The Economist reminds us once again why the U.S. government’s deficit might not be as large a problem as some make it out to be.
Essentially, a country’s long-term debt growth is driven much more by demographic change and rising entitlement costs, than by short-term deficits used to kick-start an economy.
They also argue that markets right now don’t even care about long-term debt problems, despite what many believe, using Japan as an extreme example.
Thus recent U.S. deficit concerns are overblown, according to The Economist.
The Economist: Which is to say, people who are actually concerned about growing public debt should pay very little attention to what the government is currently doing to alleviate the pain of recession, and much more attention to how the government will address revenue shortfalls 10 and 20 years down the road.

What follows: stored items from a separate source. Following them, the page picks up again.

theorem lemma3:
  fixes \<eta> :: real
  assumes "0 < \<eta>" and "\<eta> < 1"
  shows "\<exists>\<beta> C1. 1/2 < \<beta> \<and> \<beta> < 1 \<and> 0 < C1 \<and>
    (\<forall>(p::real) (\<epsilon>::real) (f::complex \<Rightarrow> complex) (\<xi>::complex).
       1 \<le> p \<longrightarrow> 0 < \<epsilon> \<longrightarrow> f holomorphic_on unit_disc \<longrightarrow> cmod \<xi> = 1 \<longrightarrow>
       (let A = {\<alpha> \<in> unit_disc.
                   ennreal ((1 - cmod \<alpha>) powr p * cmod (deriv f \<alpha>) powr p)
                   < ennreal \<epsilon> / emeasure marea (Delta_region \<eta> \<alpha>) *
                     (\<integral>\<^sup>+ z. indicator (Delta_region \<eta> \<alpha>) z *
                        ennreal ((1 - cmod z) powr p * cmod (deriv f z) powr p) \<partial>marea)}
        in (\<integral>\<^sup>+ z. indicator (A \<inter> Gamma_region (1/2) \<xi>) z *
               ennreal ((1 - cmod z) powr p * cmod (deriv f z) powr p / (1 - cmod z)) \<partial>marea)
           \<le> ennreal \<epsilon> * ennreal C1 *
             (\<integral>\<^sup>+ z. indicator (Gamma_region \<beta> \<xi>) z *
               ennreal ((1 - cmod z) powr p * cmod (deriv f z) powr p / (1 - cmod z)) \<partial>marea)))"
proof -
  define K where "K = (3 + \<eta>) / (1 - \<eta>)"
  define \<beta> where "\<beta> = 1 - 1 / (2 * K^2)"
  define C1 where "C1 = (1 + \<eta>)^3 / (1 - \<eta>)^2"
  have "3 \<le> K"
    using assms by (simp add: K_def field_simps)
  then have "1 / (2 * K^2) < 1 / 2" "0 < 1 / (2 * K^2)"
    by (auto simp: power2_eq_square intro!: divide_strict_left_mono less_1_mult)
  then have \<beta>: "1/2 < \<beta>" "\<beta> < 1"
    by (simp_all add: \<beta>_def)
  have C1: "0 < C1"
    using assms by (simp add: C1_def)
  have "(let A = small_average_set \<eta> \<epsilon> (\<lambda>z. (1 - cmod z) powr p * cmod (deriv f z) powr p)
         in (\<integral>\<^sup>+ z. indicator (A \<inter> Gamma_region (1/2) \<xi>) z *
               ennreal ((1 - cmod z) powr p * cmod (deriv f z) powr p / (1 - cmod z)) \<partial>marea)
           \<le> ennreal \<epsilon> * ennreal C1 *
             (\<integral>\<^sup>+ z. indicator (Gamma_region \<beta> \<xi>) z *
               ennreal ((1 - cmod z) powr p * cmod (deriv f z) powr p / (1 - cmod z)) \<partial>marea))"
    if "1 \<le> p" "0 < \<epsilon>" "f holomorphic_on unit_disc" "cmod \<xi> = 1" for p \<epsilon> f \<xi>
  proof -
    have "ennreal (\<epsilon> * (1 + \<eta>)^3 / (1 - \<eta>)^2) = ennreal \<epsilon> * ennreal C1"
      using that(2) C1 by (simp add: C1_def flip: ennreal_mult)
    then show ?thesis
      using nn_integral_small_average_set_Gamma_region_le[OF assms _ that(4) _
          borel_measurable_weighted_deriv[OF that(3)], of \<epsilon>] that(1,2)
      by (simp add: Let_def \<beta>_def K_def)
  qed
  with \<beta> C1 show ?thesis
    unfolding small_average_set_def by blast
qed
text \<open>Uncolored edges are 2-element vertex sets; a colored edge is a pair (edge, color).\<close>

definition is_cycle :: "'v set set \<Rightarrow> bool" where
  "is_cycle E \<longleftrightarrow> (\<exists>vs. length vs \<ge> 3 \<and> distinct vs \<and>
     E = {{vs ! i, vs ! ((i + 1) mod length vs)} | i. i < length vs})"

definition even_cycle :: "'v set set \<Rightarrow> bool" where
  "even_cycle E \<longleftrightarrow> is_cycle E \<and> even (card E)"

definition colored_graph :: "('v set \<times> 'c) set \<Rightarrow> bool" where
  "colored_graph G \<longleftrightarrow> finite G \<and> inj_on fst G \<and> (\<forall>(e, a) \<in> G. card e = 2)"

definition rainbow :: "('v set \<times> 'c) set \<Rightarrow> bool" where
  "rainbow G \<longleftrightarrow> card (snd ` G) = card G"

text \<open>A family of cycles: list of (uncolored cycle, color), colors pairwise distinct;
  all edges of the i-th cycle receive the i-th color.\<close>
definition family_of_cycles :: "('v set set \<times> 'c) list \<Rightarrow> bool" where
  "family_of_cycles D \<longleftrightarrow> distinct (map snd D) \<and> (\<forall>(E, a) \<in> set D. is_cycle E)"

definition family_of_even_cycles :: "('v set set \<times> 'c) list \<Rightarrow> bool" where
  "family_of_even_cycles D \<longleftrightarrow> family_of_cycles D \<and> (\<forall>(E, a) \<in> set D. even_cycle E)"

definition family_edges :: "('v set set \<times> 'c) list \<Rightarrow> ('v set \<times> 'c) set" where
  "family_edges D = {(e, a). \<exists>E. (E, a) \<in> set D \<and> e \<in> E}"

definition family_contains :: "('v set set \<times> 'c) list \<Rightarrow> ('v set \<times> 'c) set \<Rightarrow> bool" where
  "family_contains D G \<longleftrightarrow> G \<subseteq> family_edges D"

definition has_rainbow_even_cycle :: "('v set set \<times> 'c) list \<Rightarrow> bool" where
  "has_rainbow_even_cycle D \<longleftrightarrow> (\<exists>G. colored_graph G \<and> family_contains D G \<and>
      even_cycle (fst ` G) \<and> rainbow G)"

end

theory Submission
  imports Defs
begin

(* Each colour class of the family is one even cycle: in every colour each vertex has degree
   0 or 2, no colour contains an odd cycle, and no rainbow 4-cycle exists. Suppose that for every
   admissible shift j all edges of colours \<alpha>_(k+j-1), \<alpha>_(k+j) at v_k stay inside the pentagon.
   For j = 0 this leaves two candidates for the second neighbour of v_i and of v_(i+1) in colour
   \<alpha>_i; excluding rainbow 4-cycles, the only consistent choice makes the shifts j = 1 and
   j = 4 admissible as well. Applied to these two shifts, the hypothesis forces colour \<alpha>_1 to
   close either a rainbow 4-cycle or a monochromatic 5-cycle. *)

definition cycle_edges :: "'v list \<Rightarrow> 'v set set" where
  "cycle_edges vs = (\<lambda>i. {vs ! i, vs ! (Suc i mod length vs)}) ` {..<length vs}"
(* Let $X,Y_1,Y_2$ be Hilbert spaces and $\mathcal A_i:Y_i\to X$, $i=1,2$, bounded linear operators. Suppose $\xi\in\operatorname{ran}\mathcal A_1$ but $\xi\notin\operatorname{ran}\mathcal A_2$. For $\alpha>0$ let $$\eta_\alpha:=(\mathcal A_2\mathcal A_2^*+\alpha I)^{-1}[\xi],\qquad\xi_\alpha:=\frac{\eta_\alpha}{\langle\xi,\eta_\alpha\rangle^{3/4}}.$$ Then $\langle\xi,\eta_\alpha\rangle>0$, $\lim_{\alpha\to0+}\|\mathcal A_1^*[\xi_\alpha]\|=\infty$ and $\lim_{\alpha\to0+}\mathcal A_2^*[\xi_\alpha]=0$. *)

theory Defs
  imports "HOL-Analysis.Analysis"
begin

text \<open>eta_reg A xi alpha = (A A^* + alpha I)^{-1} xi, i.e. the unique solution eta of
  A (A^* eta) + alpha eta = xi.\<close>
definition eta_reg :: "('y::real_inner \<Rightarrow> 'x::real_inner) \<Rightarrow> 'x \<Rightarrow> real \<Rightarrow> 'x" where
  "eta_reg A \<xi> \<alpha> = (THE \<eta>. A (adjoint A \<eta>) + \<alpha> *\<^sub>R \<eta> = \<xi>)"

definition xi_reg :: "('y::real_inner \<Rightarrow> 'x::real_inner) \<Rightarrow> 'x \<Rightarrow> real \<Rightarrow> 'x" where
  "xi_reg A \<xi> \<alpha> = eta_reg A \<xi> \<alpha> /\<^sub>R ((\<xi> \<bullet> eta_reg A \<xi> \<alpha>) powr (3/4))"

end

theory Submission
  imports Defs "HOL-Real_Asymp.Real_Asymp"
begin

text \<open>Write \<open>\<eta>\<^sub>\<alpha>\<close> for the solution of \<open>A A\<^sup>* \<eta> + \<alpha> \<eta> = \<xi>\<close> and
  \<open>f(\<alpha>) = \<langle>\<xi>, \<eta>\<^sub>\<alpha>\<rangle> = \<parallel>A\<^sup>* \<eta>\<^sub>\<alpha>\<parallel>\<^sup>2 + \<alpha> \<parallel>\<eta>\<^sub>\<alpha>\<parallel>\<^sup>2\<close>.
  Comparing the equations for two parameters \<open>\<alpha> < \<beta>\<close> gives
  \<open>\<parallel>A\<^sup>* \<eta>\<^sub>\<alpha> - A\<^sup>* \<eta>\<^sub>\<beta>\<parallel>\<^sup>2 \<le> f(\<alpha>) - f(\<beta>)\<close>. So \<open>f\<close> decreases, and if it stayed bounded
  as \<open>\<alpha> \<rightarrow> 0+\<close>, the vectors \<open>A\<^sup>* \<eta>\<^sub>\<alpha>\<close> would converge to some \<open>z\<close> with
  \<open>A z = lim (\<xi> - \<alpha> \<eta>\<^sub>\<alpha>) = \<xi>\<close>; hence \<open>f(\<alpha>) \<rightarrow> \<infinity>\<close> when \<open>\<xi> \<notin> ran A\<close>.
  The two limits follow from \<open>\<parallel>A\<^sub>2\<^sup>* \<eta>\<^sub>\<alpha>\<parallel> \<le> f\<^sup>1\<^sup>/\<^sup>2\<close> and, for \<open>\<xi> = A\<^sub>1 y\<close>, from
  \<open>f = \<langle>y, A\<^sub>1\<^sup>* \<eta>\<^sub>\<alpha>\<rangle> \<le> \<parallel>y\<parallel> \<parallel>A\<^sub>1\<^sup>* \<eta>\<^sub>\<alpha>\<parallel>\<close>.\<close>

section \<open>Lax--Milgram and adjoints in Hilbert spaces\<close>

lemma Cauchy_if_dist_sq_le_null:
  fixes x :: "nat \<Rightarrow> 'a::metric_space"
  assumes dist_le: "\<And>m n. m \<le> n \<Longrightarrow> (dist (x m) (x n))\<^sup>2 \<le> \<epsilon> m" and "\<epsilon> \<longlonglongrightarrow> 0"
  shows "Cauchy x"
proof (rule metric_CauchyI)
  fix e :: real
  assume "e > 0"
  then obtain M where M: "\<And>m. m \<ge> M \<Longrightarrow> \<epsilon> m < e\<^sup>2"
    using order_tendstoD(2)[OF \<open>\<epsilon> \<longlonglongrightarrow> 0\<close>, of "e\<^sup>2"] by (auto simp: eventually_sequentially)
  have "dist (x m) (x n) < e" if "M \<le> m" "m \<le> n" for m n
    using dist_le[OF \<open>m \<le> n\<close>] M[OF \<open>M \<le> m\<close>] \<open>e > 0\<close>
    by (smt (verit) power_less_imp_less_base)
  then show "\<exists>M. \<forall>m\<ge>M. \<forall>n\<ge>M. dist (x m) (x n) < e"
    by (metis dist_commute nat_le_linear)
qed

Japanese public debt is, as you can see at right, quite a bit larger relative to GDP than is the case in America and Britain. What’s more, the demographic picture in Japan is more troubling than it is in America. And yet, markets don’t seem all that bothered by the country’s debtload.
It’s worth noticing what that 6-week high yield on 10-year bonds is: namely, 1.36%. That’s actually the lowest interest rate being paid by any advanced economy, two percentage points lower than Germany’s rate. If investors fear a default or a destabilizing collapse in the yen, that fear certainly isn’t reflected in Japan’s borrowing costs.
U.S. treasury yields are pretty low as well and don’t seem bothered.